TASK DIRECTIONS ▸ In this exercise, reproduce all the entries that follow exactly.

THE DATA ▸

<<<<

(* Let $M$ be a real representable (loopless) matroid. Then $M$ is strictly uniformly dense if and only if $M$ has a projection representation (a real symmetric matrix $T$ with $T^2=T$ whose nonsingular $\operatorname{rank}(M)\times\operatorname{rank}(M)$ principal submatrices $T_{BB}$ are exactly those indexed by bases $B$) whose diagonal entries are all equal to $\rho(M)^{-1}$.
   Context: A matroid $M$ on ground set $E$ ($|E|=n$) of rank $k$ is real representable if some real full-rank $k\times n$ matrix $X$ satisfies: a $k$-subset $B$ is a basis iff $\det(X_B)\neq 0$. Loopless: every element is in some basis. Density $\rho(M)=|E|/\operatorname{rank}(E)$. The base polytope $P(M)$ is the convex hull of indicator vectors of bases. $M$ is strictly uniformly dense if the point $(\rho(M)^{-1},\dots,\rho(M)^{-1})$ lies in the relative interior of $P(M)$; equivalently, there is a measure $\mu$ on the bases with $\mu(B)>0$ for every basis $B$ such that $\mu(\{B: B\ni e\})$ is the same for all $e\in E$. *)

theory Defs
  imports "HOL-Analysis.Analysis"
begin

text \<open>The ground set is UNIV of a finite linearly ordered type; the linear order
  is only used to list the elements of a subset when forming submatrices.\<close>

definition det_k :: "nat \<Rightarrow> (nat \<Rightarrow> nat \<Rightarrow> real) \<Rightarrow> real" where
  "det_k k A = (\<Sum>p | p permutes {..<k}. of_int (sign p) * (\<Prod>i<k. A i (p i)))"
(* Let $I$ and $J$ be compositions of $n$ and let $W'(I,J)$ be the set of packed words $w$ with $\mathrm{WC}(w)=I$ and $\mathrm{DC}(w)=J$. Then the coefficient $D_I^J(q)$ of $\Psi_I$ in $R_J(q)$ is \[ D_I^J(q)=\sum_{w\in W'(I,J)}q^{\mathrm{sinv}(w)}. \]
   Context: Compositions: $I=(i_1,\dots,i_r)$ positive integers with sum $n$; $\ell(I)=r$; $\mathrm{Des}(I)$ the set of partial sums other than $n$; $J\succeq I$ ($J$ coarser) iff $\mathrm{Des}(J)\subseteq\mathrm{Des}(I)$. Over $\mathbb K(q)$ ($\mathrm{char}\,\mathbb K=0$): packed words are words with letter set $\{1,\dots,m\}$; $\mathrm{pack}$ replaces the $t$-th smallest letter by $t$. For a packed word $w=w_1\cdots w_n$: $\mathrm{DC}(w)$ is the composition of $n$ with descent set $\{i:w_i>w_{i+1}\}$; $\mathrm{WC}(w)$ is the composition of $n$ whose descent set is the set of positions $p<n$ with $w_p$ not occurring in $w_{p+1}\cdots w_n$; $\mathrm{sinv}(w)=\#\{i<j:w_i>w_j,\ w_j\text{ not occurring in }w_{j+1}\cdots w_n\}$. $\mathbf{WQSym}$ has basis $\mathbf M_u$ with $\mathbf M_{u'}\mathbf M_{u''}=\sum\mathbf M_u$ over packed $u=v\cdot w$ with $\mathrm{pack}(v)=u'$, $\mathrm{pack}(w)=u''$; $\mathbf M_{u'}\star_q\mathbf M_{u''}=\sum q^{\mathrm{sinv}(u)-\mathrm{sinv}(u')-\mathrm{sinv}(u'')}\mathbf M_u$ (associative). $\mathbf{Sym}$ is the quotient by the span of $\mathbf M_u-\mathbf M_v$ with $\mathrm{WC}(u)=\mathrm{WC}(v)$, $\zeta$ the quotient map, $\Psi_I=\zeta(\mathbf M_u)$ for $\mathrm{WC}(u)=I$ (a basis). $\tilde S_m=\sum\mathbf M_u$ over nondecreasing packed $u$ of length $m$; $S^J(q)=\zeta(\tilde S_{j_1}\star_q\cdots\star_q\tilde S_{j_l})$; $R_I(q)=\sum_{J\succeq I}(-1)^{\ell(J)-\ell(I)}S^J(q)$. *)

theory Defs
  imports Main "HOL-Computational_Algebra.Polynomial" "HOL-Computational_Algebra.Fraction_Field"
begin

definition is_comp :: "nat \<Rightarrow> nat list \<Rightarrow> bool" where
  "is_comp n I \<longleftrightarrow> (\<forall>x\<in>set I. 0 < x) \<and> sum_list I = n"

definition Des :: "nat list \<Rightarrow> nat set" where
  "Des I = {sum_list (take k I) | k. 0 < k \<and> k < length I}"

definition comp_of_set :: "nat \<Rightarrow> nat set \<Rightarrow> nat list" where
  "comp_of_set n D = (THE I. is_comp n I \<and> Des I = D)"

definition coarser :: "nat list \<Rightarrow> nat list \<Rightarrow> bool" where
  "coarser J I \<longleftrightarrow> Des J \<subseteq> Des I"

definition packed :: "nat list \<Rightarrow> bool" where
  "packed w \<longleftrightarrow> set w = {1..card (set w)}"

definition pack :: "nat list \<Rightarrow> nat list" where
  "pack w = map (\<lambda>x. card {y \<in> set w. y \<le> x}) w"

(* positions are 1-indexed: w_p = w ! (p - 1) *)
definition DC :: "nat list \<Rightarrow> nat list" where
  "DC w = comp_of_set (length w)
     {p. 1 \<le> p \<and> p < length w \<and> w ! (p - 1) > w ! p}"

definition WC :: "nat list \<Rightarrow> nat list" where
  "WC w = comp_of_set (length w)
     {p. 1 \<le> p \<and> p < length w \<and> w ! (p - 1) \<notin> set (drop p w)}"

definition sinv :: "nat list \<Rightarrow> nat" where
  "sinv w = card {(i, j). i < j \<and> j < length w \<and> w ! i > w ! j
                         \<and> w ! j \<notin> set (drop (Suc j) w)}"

>>>>

TASK SOLUTION ▸
(* Let $M$ be a real representable (loopless) matroid. Then $M$ is strictly uniformly dense if and only if $M$ has a projection representation (a real symmetric matrix $T$ with $T^2=T$ whose nonsingular $\operatorname{rank}(M)\times\operatorname{rank}(M)$ principal submatrices $T_{BB}$ are exactly those indexed by bases $B$) whose diagonal entries are all equal to $\rho(M)^{-1}$.
   Context: A matroid $M$ on ground set $E$ ($|E|=n$) of rank $k$ is real representable if some real full-rank $k\times n$ matrix $X$ satisfies: a $k$-subset $B$ is a basis iff $\det(X_B)\neq 0$. Loopless: every element is in some basis. Density $\rho(M)=|E|/\operatorname{rank}(E)$. The base polytope $P(M)$ is the convex hull of indicator vectors of bases. $M$ is strictly uniformly dense if the point $(\rho(M)^{-1},\dots,\rho(M)^{-1})$ lies in the relative interior of $P(M)$; equivalently, there is a measure $\mu$ on the bases with $\mu(B)>0$ for every basis $B$ such that $\mu(\{B: B\ni e\})$ is the same for all $e\in E$. *)

theory Defs
  imports "HOL-Analysis.Analysis"
begin

text \<open>The ground set is UNIV of a finite linearly ordered type; the linear order
  is only used to list the elements of a subset when forming submatrices.\<close>

definition det_k :: "nat \<Rightarrow> (nat \<Rightarrow> nat \<Rightarrow> real) \<Rightarrow> real" where
  "det_k k A = (\<Sum>p | p permutes {..<k}. of_int (sign p) * (\<Prod>i<k. A i (p i)))"
(* Let $I$ and $J$ be compositions of $n$ and let $W'(I,J)$ be the set of packed words $w$ with $\mathrm{WC}(w)=I$ and $\mathrm{DC}(w)=J$. Then the coefficient $D_I^J(q)$ of $\Psi_I$ in $R_J(q)$ is \[ D_I^J(q)=\sum_{w\in W'(I,J)}q^{\mathrm{sinv}(w)}. \]
   Context: Compositions: $I=(i_1,\dots,i_r)$ positive integers with sum $n$; $\ell(I)=r$; $\mathrm{Des}(I)$ the set of partial sums other than $n$; $J\succeq I$ ($J$ coarser) iff $\mathrm{Des}(J)\subseteq\mathrm{Des}(I)$. Over $\mathbb K(q)$ ($\mathrm{char}\,\mathbb K=0$): packed words are words with letter set $\{1,\dots,m\}$; $\mathrm{pack}$ replaces the $t$-th smallest letter by $t$. For a packed word $w=w_1\cdots w_n$: $\mathrm{DC}(w)$ is the composition of $n$ with descent set $\{i:w_i>w_{i+1}\}$; $\mathrm{WC}(w)$ is the composition of $n$ whose descent set is the set of positions $p<n$ with $w_p$ not occurring in $w_{p+1}\cdots w_n$; $\mathrm{sinv}(w)=\#\{i<j:w_i>w_j,\ w_j\text{ not occurring in }w_{j+1}\cdots w_n\}$. $\mathbf{WQSym}$ has basis $\mathbf M_u$ with $\mathbf M_{u'}\mathbf M_{u''}=\sum\mathbf M_u$ over packed $u=v\cdot w$ with $\mathrm{pack}(v)=u'$, $\mathrm{pack}(w)=u''$; $\mathbf M_{u'}\star_q\mathbf M_{u''}=\sum q^{\mathrm{sinv}(u)-\mathrm{sinv}(u')-\mathrm{sinv}(u'')}\mathbf M_u$ (associative). $\mathbf{Sym}$ is the quotient by the span of $\mathbf M_u-\mathbf M_v$ with $\mathrm{WC}(u)=\mathrm{WC}(v)$, $\zeta$ the quotient map, $\Psi_I=\zeta(\mathbf M_u)$ for $\mathrm{WC}(u)=I$ (a basis). $\tilde S_m=\sum\mathbf M_u$ over nondecreasing packed $u$ of length $m$; $S^J(q)=\zeta(\tilde S_{j_1}\star_q\cdots\star_q\tilde S_{j_l})$; $R_I(q)=\sum_{J\succeq I}(-1)^{\ell(J)-\ell(I)}S^J(q)$. *)

theory Defs
  imports Main "HOL-Computational_Algebra.Polynomial" "HOL-Computational_Algebra.Fraction_Field"
begin

definition is_comp :: "nat \<Rightarrow> nat list \<Rightarrow> bool" where
  "is_comp n I \<longleftrightarrow> (\<forall>x\<in>set I. 0 < x) \<and> sum_list I = n"

definition Des :: "nat list \<Rightarrow> nat set" where
  "Des I = {sum_list (take k I) | k. 0 < k \<and> k < length I}"

definition comp_of_set :: "nat \<Rightarrow> nat set \<Rightarrow> nat list" where
  "comp_of_set n D = (THE I. is_comp n I \<and> Des I = D)"

definition coarser :: "nat list \<Rightarrow> nat list \<Rightarrow> bool" where
  "coarser J I \<longleftrightarrow> Des J \<subseteq> Des I"

definition packed :: "nat list \<Rightarrow> bool" where
  "packed w \<longleftrightarrow> set w = {1..card (set w)}"

definition pack :: "nat list \<Rightarrow> nat list" where
  "pack w = map (\<lambda>x. card {y \<in> set w. y \<le> x}) w"

(* positions are 1-indexed: w_p = w ! (p - 1) *)
definition DC :: "nat list \<Rightarrow> nat list" where
  "DC w = comp_of_set (length w)
     {p. 1 \<le> p \<and> p < length w \<and> w ! (p - 1) > w ! p}"

definition WC :: "nat list \<Rightarrow> nat list" where
  "WC w = comp_of_set (length w)
     {p. 1 \<le> p \<and> p < length w \<and> w ! (p - 1) \<notin> set (drop p w)}"

definition sinv :: "nat list \<Rightarrow> nat" where
  "sinv w = card {(i, j). i < j \<and> j < length w \<and> w ! i > w ! j
                         \<and> w ! j \<notin> set (drop (Suc j) w)}"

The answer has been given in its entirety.